Aim of the exercise. Your response should contain every record below, copied exactly.
---
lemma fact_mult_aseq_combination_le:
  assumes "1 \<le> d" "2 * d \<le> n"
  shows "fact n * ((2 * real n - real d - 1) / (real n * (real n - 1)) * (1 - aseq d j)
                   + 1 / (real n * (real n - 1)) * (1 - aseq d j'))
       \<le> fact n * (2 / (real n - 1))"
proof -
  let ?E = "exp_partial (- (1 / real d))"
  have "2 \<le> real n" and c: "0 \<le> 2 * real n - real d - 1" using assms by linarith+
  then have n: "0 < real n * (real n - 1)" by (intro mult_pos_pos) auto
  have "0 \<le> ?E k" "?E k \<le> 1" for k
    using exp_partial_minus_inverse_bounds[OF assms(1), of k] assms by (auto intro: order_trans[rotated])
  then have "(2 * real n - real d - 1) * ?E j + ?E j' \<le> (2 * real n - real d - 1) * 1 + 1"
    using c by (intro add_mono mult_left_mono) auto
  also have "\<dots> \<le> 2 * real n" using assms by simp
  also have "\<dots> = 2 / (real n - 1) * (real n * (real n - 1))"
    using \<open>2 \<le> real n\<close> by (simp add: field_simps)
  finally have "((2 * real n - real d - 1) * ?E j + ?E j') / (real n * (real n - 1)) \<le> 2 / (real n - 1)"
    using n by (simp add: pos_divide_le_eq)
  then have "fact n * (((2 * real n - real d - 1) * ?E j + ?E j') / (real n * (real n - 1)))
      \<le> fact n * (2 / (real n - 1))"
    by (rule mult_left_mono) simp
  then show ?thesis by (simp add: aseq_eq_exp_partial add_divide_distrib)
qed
---
The answer.
lemma fact_mult_aseq_combination_le:
  assumes "1 \<le> d" "2 * d \<le> n"
  shows "fact n * ((2 * real n - real d - 1) / (real n * (real n - 1)) * (1 - aseq d j)
                   + 1 / (real n * (real n - 1)) * (1 - aseq d j'))
       \<le> fact n * (2 / (real n - 1))"
proof -
  let ?E = "exp_partial (- (1 / real d))"
  have "2 \<le> real n" and c: "0 \<le> 2 * real n - real d - 1" using assms by linarith+
  then have n: "0 < real n * (real n - 1)" by (intro mult_pos_pos) auto
  have "0 \<le> ?E k" "?E k \<le> 1" for k
    using exp_partial_minus_inverse_bounds[OF assms(1), of k] assms by (auto intro: order_trans[rotated])
  then have "(2 * real n - real d - 1) * ?E j + ?E j' \<le> (2 * real n - real d - 1) * 1 + 1"
    using c by (intro add_mono mult_left_mono) auto
  also have "\<dots> \<le> 2 * real n" using assms by simp
  also have "\<dots> = 2 / (real n - 1) * (real n * (real n - 1))"
    using \<open>2 \<le> real n\<close> by (simp add: field_simps)
  finally have "((2 * real n - real d - 1) * ?E j + ?E j') / (real n * (real n - 1)) \<le> 2 / (real n - 1)"
    using n by (simp add: pos_divide_le_eq)
  then have "fact n * (((2 * real n - real d - 1) * ?E j + ?E j') / (real n * (real n - 1)))
      \<le> fact n * (2 / (real n - 1))"
    by (rule mult_left_mono) simp
  then show ?thesis by (simp add: aseq_eq_exp_partial add_divide_distrib)
qed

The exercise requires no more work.